* YOUR ASSIGNMENT
Please return every line in the entries below with the word "moreover" in it.
(DATA FOR ANALYSIS)
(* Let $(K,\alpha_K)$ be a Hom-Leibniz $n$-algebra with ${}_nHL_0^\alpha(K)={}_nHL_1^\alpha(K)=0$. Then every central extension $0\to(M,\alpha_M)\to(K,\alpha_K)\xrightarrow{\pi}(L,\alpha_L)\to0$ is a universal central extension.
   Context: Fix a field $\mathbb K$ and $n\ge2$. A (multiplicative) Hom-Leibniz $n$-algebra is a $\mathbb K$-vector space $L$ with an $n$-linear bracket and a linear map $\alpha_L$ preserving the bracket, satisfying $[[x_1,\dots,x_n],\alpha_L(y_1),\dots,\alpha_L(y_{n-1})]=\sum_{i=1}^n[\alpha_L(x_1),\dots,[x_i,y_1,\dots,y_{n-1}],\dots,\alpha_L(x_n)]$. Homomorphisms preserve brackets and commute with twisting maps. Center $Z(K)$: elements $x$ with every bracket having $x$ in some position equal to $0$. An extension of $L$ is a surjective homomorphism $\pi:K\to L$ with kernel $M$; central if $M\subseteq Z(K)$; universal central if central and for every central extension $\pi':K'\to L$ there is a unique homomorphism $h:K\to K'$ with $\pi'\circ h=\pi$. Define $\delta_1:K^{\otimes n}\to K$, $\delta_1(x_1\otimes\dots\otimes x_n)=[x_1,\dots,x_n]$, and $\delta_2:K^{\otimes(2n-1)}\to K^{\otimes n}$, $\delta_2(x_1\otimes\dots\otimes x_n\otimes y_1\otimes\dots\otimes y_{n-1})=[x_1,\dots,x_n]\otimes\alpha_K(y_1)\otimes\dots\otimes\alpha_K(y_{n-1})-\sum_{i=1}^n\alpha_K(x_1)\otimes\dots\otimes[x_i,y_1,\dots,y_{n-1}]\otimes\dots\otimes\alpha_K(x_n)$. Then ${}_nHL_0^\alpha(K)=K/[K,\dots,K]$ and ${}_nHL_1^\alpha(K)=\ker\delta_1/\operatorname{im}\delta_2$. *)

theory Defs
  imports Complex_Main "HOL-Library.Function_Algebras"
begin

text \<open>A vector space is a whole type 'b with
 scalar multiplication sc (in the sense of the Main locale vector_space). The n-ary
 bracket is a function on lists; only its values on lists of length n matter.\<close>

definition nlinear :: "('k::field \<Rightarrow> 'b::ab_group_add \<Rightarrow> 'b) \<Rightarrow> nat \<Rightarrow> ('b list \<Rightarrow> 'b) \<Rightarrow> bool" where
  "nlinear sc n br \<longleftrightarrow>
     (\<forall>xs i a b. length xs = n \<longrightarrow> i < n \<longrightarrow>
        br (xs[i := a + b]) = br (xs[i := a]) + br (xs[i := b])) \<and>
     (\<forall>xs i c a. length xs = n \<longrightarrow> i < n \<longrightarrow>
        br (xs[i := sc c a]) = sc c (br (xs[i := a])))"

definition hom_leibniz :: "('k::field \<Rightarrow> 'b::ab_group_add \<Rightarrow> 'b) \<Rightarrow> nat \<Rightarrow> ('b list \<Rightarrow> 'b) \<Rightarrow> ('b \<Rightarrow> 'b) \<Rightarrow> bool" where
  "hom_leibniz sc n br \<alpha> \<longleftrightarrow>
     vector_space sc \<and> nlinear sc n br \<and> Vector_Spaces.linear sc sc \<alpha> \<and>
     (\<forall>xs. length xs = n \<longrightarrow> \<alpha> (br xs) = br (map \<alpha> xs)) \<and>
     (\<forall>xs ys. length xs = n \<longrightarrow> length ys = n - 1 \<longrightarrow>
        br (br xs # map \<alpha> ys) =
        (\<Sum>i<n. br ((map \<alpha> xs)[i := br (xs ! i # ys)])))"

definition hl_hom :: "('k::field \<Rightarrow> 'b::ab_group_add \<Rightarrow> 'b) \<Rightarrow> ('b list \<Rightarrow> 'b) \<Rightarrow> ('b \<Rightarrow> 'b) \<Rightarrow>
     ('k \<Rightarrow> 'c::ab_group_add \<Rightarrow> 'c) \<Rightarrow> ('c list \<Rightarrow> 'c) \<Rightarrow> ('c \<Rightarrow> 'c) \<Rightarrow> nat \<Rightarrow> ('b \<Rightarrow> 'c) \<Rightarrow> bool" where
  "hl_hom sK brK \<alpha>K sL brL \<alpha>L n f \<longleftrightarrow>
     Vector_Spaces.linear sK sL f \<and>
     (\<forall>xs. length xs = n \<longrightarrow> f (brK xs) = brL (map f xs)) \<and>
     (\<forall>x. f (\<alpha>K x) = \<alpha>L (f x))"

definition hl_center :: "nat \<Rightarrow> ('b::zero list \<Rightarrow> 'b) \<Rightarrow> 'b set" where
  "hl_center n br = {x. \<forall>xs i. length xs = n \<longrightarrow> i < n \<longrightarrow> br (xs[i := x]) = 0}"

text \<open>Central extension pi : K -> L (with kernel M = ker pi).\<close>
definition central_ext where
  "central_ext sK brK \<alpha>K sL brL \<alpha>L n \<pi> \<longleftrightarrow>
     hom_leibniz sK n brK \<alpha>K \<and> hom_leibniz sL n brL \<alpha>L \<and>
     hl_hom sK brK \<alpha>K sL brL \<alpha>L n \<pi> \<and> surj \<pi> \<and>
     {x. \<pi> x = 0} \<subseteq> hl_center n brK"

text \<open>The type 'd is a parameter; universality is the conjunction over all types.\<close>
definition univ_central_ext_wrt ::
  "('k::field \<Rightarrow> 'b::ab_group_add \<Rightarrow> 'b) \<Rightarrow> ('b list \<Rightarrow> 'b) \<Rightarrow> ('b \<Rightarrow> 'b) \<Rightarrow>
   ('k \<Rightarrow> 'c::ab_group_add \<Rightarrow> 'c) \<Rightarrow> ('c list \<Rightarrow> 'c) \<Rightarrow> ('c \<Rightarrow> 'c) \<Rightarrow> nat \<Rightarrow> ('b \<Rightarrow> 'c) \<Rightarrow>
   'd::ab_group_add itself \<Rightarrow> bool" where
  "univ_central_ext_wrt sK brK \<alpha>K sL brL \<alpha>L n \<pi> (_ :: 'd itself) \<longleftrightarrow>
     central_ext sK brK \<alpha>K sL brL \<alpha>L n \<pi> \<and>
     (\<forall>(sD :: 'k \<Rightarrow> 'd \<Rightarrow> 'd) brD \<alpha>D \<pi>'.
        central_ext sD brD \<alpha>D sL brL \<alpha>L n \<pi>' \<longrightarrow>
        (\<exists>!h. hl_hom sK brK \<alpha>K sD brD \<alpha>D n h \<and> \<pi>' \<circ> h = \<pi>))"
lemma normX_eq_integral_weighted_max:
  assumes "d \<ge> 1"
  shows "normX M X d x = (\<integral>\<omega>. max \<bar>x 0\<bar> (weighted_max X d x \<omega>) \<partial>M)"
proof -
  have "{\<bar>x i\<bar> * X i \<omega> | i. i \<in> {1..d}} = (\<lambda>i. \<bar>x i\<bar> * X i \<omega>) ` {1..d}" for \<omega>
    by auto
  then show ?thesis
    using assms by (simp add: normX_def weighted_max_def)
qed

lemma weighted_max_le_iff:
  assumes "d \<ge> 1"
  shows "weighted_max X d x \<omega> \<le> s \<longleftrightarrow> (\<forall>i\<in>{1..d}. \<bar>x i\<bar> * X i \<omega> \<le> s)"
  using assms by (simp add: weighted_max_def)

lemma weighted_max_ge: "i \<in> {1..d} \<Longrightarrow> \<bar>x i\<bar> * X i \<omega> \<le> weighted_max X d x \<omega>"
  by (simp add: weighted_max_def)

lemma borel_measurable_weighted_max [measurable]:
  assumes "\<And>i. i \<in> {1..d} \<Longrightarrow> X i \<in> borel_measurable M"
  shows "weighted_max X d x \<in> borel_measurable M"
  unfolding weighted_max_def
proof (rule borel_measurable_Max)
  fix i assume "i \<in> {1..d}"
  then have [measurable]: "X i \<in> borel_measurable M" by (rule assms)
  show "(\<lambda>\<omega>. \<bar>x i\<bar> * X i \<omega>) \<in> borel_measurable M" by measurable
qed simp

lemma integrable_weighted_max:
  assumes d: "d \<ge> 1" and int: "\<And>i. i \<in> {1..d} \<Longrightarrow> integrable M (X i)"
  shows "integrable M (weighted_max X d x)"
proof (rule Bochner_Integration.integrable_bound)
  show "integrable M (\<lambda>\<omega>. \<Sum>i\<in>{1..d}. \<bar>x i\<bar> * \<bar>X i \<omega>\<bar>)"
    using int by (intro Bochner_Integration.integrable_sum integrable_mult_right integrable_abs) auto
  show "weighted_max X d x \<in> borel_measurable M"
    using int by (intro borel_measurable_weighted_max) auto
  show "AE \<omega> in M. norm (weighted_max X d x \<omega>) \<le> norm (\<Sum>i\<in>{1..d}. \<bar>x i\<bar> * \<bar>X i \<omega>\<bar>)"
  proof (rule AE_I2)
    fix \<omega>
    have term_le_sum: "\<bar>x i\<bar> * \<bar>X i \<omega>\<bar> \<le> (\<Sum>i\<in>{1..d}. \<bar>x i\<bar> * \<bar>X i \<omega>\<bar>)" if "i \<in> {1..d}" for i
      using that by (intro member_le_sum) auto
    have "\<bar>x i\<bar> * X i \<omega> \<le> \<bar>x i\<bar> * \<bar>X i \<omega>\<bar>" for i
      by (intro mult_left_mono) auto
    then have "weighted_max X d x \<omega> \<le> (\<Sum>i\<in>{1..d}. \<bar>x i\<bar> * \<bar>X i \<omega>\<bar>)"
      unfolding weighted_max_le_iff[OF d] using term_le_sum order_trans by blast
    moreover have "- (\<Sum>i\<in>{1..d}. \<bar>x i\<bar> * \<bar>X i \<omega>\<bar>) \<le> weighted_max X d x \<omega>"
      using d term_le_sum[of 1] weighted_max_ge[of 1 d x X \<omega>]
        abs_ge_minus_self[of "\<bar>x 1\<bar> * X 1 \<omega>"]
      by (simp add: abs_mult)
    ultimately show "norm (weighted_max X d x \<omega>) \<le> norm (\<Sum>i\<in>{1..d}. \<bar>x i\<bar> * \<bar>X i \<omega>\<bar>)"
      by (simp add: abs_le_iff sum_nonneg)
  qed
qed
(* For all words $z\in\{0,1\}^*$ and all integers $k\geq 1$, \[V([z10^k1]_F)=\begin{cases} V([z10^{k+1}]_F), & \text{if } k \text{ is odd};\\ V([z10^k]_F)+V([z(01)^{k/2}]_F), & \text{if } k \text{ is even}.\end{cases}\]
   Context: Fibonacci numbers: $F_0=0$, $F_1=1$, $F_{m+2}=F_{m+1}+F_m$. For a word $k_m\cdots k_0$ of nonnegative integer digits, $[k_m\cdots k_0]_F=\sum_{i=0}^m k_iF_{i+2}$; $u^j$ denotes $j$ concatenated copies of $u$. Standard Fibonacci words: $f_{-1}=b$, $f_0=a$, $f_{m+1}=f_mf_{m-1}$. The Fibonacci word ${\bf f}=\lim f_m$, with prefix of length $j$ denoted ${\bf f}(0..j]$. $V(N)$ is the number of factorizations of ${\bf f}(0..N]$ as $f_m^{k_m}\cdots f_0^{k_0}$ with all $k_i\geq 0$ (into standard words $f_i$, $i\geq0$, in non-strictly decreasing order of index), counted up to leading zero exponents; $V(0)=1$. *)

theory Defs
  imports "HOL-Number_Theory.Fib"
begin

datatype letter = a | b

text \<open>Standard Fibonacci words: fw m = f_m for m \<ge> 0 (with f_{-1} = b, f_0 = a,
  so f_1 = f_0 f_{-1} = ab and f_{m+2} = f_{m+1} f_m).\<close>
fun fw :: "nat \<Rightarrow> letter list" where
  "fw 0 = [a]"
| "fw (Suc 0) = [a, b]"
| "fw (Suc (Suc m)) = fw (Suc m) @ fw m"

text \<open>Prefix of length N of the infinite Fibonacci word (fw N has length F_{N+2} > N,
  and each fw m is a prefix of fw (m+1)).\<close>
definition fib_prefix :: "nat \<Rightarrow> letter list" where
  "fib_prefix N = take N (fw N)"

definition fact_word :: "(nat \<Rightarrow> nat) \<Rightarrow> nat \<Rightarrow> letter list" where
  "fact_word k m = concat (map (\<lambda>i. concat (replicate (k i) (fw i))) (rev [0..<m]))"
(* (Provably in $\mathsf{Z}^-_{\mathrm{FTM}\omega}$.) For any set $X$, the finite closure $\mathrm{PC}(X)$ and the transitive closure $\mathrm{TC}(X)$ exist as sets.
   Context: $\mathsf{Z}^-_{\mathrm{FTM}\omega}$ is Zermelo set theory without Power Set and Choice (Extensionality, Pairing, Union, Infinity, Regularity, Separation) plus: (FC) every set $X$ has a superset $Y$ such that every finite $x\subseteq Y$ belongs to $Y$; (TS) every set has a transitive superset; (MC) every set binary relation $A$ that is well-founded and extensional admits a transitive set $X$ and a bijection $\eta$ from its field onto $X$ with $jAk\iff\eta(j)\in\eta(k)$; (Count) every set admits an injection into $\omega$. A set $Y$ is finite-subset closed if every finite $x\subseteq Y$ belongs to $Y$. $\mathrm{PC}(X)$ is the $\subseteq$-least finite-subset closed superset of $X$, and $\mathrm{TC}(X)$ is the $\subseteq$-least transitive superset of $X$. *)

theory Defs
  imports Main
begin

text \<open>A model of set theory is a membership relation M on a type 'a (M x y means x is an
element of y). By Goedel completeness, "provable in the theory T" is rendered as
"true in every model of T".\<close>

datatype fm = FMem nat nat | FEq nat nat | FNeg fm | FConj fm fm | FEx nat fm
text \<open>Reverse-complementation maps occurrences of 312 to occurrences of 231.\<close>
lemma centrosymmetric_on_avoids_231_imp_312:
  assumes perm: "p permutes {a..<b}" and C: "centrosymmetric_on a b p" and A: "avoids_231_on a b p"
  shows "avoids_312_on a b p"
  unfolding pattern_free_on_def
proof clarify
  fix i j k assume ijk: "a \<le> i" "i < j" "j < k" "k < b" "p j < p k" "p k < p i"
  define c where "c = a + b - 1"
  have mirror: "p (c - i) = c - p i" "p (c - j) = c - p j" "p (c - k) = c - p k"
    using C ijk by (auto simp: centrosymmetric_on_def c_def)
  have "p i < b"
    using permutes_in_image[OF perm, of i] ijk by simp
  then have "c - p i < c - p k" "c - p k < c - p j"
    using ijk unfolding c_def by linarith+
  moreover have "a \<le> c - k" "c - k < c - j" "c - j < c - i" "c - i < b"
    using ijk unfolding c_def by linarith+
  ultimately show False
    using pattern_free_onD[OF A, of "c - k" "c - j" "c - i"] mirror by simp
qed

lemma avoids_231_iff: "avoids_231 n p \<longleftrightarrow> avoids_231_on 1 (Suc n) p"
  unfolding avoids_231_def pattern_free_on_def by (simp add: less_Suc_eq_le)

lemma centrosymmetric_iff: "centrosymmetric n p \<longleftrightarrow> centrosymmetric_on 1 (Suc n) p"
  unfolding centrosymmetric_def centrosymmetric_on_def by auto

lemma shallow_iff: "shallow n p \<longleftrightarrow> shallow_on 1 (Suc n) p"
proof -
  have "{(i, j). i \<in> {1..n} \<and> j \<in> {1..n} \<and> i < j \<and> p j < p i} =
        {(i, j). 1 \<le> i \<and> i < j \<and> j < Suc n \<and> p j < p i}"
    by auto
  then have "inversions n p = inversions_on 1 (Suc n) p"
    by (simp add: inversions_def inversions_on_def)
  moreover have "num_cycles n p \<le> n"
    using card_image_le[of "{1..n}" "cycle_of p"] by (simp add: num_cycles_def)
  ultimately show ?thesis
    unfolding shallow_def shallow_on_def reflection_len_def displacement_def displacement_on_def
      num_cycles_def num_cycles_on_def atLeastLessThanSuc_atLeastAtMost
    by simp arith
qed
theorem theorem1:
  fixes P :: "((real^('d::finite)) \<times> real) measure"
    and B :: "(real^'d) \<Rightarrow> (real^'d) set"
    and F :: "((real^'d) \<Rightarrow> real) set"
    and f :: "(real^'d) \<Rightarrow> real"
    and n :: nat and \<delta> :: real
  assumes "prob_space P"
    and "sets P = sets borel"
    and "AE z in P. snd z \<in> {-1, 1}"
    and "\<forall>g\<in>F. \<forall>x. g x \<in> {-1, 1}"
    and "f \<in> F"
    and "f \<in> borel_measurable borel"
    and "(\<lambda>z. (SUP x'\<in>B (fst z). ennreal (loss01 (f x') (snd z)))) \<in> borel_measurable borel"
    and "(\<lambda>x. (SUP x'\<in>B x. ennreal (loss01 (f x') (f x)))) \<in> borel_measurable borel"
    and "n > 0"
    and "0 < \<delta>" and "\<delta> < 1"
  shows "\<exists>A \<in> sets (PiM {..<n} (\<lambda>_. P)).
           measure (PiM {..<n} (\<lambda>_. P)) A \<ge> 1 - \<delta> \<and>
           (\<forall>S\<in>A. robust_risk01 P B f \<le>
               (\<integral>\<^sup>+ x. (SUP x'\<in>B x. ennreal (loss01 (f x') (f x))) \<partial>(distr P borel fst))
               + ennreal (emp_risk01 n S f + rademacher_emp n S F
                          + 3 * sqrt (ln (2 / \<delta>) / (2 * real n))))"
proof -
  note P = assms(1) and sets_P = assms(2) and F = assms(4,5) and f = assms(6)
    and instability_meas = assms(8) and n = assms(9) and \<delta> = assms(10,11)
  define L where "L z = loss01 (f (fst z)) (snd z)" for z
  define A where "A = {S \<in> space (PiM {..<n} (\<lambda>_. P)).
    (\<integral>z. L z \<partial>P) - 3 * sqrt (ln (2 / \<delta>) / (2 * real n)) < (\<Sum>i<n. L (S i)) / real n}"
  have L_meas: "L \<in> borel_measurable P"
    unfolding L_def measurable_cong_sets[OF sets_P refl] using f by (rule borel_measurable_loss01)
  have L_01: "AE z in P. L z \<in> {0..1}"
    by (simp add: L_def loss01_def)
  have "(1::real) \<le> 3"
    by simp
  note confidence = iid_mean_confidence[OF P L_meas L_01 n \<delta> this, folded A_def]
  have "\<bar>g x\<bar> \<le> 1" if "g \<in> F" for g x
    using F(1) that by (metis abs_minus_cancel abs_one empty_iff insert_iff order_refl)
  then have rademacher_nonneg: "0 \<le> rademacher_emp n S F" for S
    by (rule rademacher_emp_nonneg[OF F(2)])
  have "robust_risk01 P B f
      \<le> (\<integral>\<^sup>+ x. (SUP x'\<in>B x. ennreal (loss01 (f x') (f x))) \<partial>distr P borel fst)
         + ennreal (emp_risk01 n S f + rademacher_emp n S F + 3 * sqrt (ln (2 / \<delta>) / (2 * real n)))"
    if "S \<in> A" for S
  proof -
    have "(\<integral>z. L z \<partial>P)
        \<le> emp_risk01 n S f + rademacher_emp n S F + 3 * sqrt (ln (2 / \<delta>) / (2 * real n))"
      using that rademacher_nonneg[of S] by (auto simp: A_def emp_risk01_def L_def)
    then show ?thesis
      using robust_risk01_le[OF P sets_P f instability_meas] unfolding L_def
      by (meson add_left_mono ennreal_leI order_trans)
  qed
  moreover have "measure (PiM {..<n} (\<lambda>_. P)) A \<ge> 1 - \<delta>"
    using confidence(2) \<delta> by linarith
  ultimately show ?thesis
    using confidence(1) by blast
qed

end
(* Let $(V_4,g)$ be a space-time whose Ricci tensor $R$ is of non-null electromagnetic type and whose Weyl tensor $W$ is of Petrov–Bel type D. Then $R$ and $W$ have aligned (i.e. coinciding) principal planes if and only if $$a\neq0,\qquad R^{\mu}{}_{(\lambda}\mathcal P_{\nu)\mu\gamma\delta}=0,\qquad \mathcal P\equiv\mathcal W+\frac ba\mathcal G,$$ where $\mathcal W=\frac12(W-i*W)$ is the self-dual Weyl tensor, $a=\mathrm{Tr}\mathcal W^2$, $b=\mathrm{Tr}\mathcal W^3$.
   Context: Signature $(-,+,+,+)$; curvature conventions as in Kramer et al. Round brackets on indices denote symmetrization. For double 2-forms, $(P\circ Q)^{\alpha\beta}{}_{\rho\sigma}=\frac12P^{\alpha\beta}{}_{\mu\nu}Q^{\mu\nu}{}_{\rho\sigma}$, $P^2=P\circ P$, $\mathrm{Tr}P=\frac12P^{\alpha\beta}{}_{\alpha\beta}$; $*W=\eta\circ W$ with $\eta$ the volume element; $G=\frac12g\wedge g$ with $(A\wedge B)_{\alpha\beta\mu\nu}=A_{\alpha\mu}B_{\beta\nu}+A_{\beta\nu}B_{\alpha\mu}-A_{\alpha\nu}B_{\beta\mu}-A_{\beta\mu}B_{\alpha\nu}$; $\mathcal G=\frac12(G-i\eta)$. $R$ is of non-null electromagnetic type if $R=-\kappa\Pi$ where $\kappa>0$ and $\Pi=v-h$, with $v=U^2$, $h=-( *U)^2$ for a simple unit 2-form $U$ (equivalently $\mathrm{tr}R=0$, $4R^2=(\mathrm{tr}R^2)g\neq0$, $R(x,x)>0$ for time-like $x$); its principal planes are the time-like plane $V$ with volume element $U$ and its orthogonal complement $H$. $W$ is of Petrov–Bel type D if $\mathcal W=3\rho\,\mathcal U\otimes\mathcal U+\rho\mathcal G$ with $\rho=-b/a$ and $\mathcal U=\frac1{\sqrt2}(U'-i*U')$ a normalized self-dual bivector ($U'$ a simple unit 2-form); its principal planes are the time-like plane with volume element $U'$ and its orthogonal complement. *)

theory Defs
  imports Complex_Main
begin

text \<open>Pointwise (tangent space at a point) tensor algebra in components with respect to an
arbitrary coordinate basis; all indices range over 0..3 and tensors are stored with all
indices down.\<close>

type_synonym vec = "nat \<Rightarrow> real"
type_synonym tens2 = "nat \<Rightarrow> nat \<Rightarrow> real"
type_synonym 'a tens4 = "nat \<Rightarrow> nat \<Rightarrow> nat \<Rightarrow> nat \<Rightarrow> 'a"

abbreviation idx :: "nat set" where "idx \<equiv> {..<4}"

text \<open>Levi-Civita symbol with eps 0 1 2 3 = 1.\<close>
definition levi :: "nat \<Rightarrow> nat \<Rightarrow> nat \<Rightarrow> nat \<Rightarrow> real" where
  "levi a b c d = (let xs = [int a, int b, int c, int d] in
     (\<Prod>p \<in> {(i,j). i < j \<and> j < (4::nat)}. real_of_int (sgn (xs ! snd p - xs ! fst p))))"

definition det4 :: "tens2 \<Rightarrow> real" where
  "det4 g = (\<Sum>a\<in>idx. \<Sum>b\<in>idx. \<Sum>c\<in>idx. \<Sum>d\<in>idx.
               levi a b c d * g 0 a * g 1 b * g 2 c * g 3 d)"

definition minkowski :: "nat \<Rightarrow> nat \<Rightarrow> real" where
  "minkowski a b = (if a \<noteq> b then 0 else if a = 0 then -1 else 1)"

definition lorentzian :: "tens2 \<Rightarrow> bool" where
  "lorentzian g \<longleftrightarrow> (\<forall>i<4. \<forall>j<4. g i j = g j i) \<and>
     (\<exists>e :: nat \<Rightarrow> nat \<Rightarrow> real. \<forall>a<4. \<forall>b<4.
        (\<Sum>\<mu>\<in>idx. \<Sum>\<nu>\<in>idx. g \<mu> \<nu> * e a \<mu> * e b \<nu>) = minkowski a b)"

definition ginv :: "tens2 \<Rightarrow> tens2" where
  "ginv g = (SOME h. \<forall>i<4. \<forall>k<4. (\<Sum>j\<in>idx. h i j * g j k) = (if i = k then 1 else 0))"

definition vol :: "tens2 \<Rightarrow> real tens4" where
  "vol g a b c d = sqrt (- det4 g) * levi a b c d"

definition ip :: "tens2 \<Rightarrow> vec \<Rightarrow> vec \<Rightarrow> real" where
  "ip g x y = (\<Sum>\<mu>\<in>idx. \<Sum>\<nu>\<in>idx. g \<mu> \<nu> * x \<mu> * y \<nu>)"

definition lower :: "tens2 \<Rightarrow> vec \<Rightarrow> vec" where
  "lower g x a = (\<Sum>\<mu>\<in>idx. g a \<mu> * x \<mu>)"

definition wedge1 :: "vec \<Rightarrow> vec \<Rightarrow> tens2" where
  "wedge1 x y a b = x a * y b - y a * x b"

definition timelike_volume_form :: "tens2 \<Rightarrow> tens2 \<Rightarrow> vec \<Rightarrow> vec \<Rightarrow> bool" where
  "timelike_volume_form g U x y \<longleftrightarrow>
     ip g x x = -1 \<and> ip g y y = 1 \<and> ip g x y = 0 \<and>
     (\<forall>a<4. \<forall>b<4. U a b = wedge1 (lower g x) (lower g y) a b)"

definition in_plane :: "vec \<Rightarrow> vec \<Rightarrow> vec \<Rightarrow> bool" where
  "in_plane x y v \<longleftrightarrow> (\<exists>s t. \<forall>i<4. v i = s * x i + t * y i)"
(End DATA FOR ANALYSIS)
* TASK RESULT
    moreover have "- (\<Sum>i\<in>{1..d}. \<bar>x i\<bar> * \<bar>X i \<omega>\<bar>) \<le> weighted_max X d x \<omega>"
  moreover have "a \<le> c - k" "c - k < c - j" "c - j < c - i" "c - i < b"
  moreover have "num_cycles n p \<le> n"
  moreover have "measure (PiM {..<n} (\<lambda>_. P)) A \<ge> 1 - \<delta>"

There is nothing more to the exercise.